Only the closing stretch of the material is wanted: the line containing "complex \<times> nat \<Rightarrow> complex" and every line after it, transcribed exactly.
=-=-=-=-=
(* Let $p$ be a prime and $G=S^1\times C_p$. Then $G$ is not a BU-group of type II: there exist fixed-point-free orthogonal $G$-representations $V,W$ with $\dim V=\dim W$ and a $G$-map $f:S(V)\to S(W)$ with $\deg f=0$.
   Context: An orthogonal $G$-representation $V$ is fixed-point-free if $V^G=0$; $S(V)$ denotes its unit sphere, and a $G$-map is a continuous $G$-equivariant map. $G$ is a BU-group of type II if for all fixed-point-free orthogonal $G$-representations $V,W$ with $\dim V=\dim W$, every $G$-map $f:S(V)\to S(W)$ has $\deg f\neq 0$. *)

theory Defs
  imports "HOL-Analysis.Analysis" "HOL-Homology.Homology"
begin

definition Gcar :: "nat \<Rightarrow> (complex \<times> nat) set" where
  "Gcar p = {(z, k). cmod z = 1 \<and> k < p}"

definition Gmul :: "nat \<Rightarrow> complex \<times> nat \<Rightarrow> complex \<times> nat \<Rightarrow> complex \<times> nat" where
  "Gmul p g h = (fst g * fst h, (snd g + snd h) mod p)"

text \<open>Linear action of an (n+1)x(n+1) matrix (indices 0..n) on R^(n+1),
  the latter realised as functions nat => real vanishing above n
  (the carrier of Euclidean_space (Suc n)).\<close>
definition mat_act :: "nat \<Rightarrow> (nat \<Rightarrow> nat \<Rightarrow> real) \<Rightarrow> (nat \<Rightarrow> real) \<Rightarrow> nat \<Rightarrow> real" where
  "mat_act n A x = (\<lambda>i. if i \<le> n then (\<Sum>j\<le>n. A i j * x j) else 0)"

definition orth_rep :: "nat \<Rightarrow> nat \<Rightarrow> (complex \<times> nat \<Rightarrow> nat \<Rightarrow> nat \<Rightarrow> real) \<Rightarrow> bool" where
  "orth_rep p n M \<longleftrightarrow>
     (\<forall>g\<in>Gcar p. \<forall>i\<le>n. \<forall>j\<le>n. (\<Sum>k\<le>n. M g k i * M g k j) = (if i = j then 1 else 0)) \<and>
     (\<forall>i\<le>n. \<forall>j\<le>n. M (1, 0) i j = (if i = j then 1 else 0)) \<and>
     (\<forall>g\<in>Gcar p. \<forall>h\<in>Gcar p. \<forall>i\<le>n. \<forall>j\<le>n.
        M (Gmul p g h) i j = (\<Sum>k\<le>n. M g i k * M h k j)) \<and>
     (\<forall>k<p. \<forall>i\<le>n. \<forall>j\<le>n. continuous_on (sphere 0 1) (\<lambda>z. M (z, k) i j))"

definition fixed_point_free :: "nat \<Rightarrow> nat \<Rightarrow> (complex \<times> nat \<Rightarrow> nat \<Rightarrow> nat \<Rightarrow> real) \<Rightarrow> bool" where
  "fixed_point_free p n M \<longleftrightarrow>
     (\<forall>x. (\<forall>i>n. x i = 0) \<and> (\<forall>g\<in>Gcar p. mat_act n (M g) x = x) \<longrightarrow> (\<forall>i. x i = 0))"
=-=-=-=-=
▶ **Response area**
definition Gmul :: "nat \<Rightarrow> complex \<times> nat \<Rightarrow> complex \<times> nat \<Rightarrow> complex \<times> nat" where
  "Gmul p g h = (fst g * fst h, (snd g + snd h) mod p)"

text \<open>Linear action of an (n+1)x(n+1) matrix (indices 0..n) on R^(n+1),
  the latter realised as functions nat => real vanishing above n
  (the carrier of Euclidean_space (Suc n)).\<close>
definition mat_act :: "nat \<Rightarrow> (nat \<Rightarrow> nat \<Rightarrow> real) \<Rightarrow> (nat \<Rightarrow> real) \<Rightarrow> nat \<Rightarrow> real" where
  "mat_act n A x = (\<lambda>i. if i \<le> n then (\<Sum>j\<le>n. A i j * x j) else 0)"

definition orth_rep :: "nat \<Rightarrow> nat \<Rightarrow> (complex \<times> nat \<Rightarrow> nat \<Rightarrow> nat \<Rightarrow> real) \<Rightarrow> bool" where
  "orth_rep p n M \<longleftrightarrow>
     (\<forall>g\<in>Gcar p. \<forall>i\<le>n. \<forall>j\<le>n. (\<Sum>k\<le>n. M g k i * M g k j) = (if i = j then 1 else 0)) \<and>
     (\<forall>i\<le>n. \<forall>j\<le>n. M (1, 0) i j = (if i = j then 1 else 0)) \<and>
     (\<forall>g\<in>Gcar p. \<forall>h\<in>Gcar p. \<forall>i\<le>n. \<forall>j\<le>n.
        M (Gmul p g h) i j = (\<Sum>k\<le>n. M g i k * M h k j)) \<and>
     (\<forall>k<p. \<forall>i\<le>n. \<forall>j\<le>n. continuous_on (sphere 0 1) (\<lambda>z. M (z, k) i j))"

definition fixed_point_free :: "nat \<Rightarrow> nat \<Rightarrow> (complex \<times> nat \<Rightarrow> nat \<Rightarrow> nat \<Rightarrow> real) \<Rightarrow> bool" where
  "fixed_point_free p n M \<longleftrightarrow>
     (\<forall>x. (\<forall>i>n. x i = 0) \<and> (\<forall>g\<in>Gcar p. mat_act n (M g) x = x) \<longrightarrow> (\<forall>i. x i = 0))"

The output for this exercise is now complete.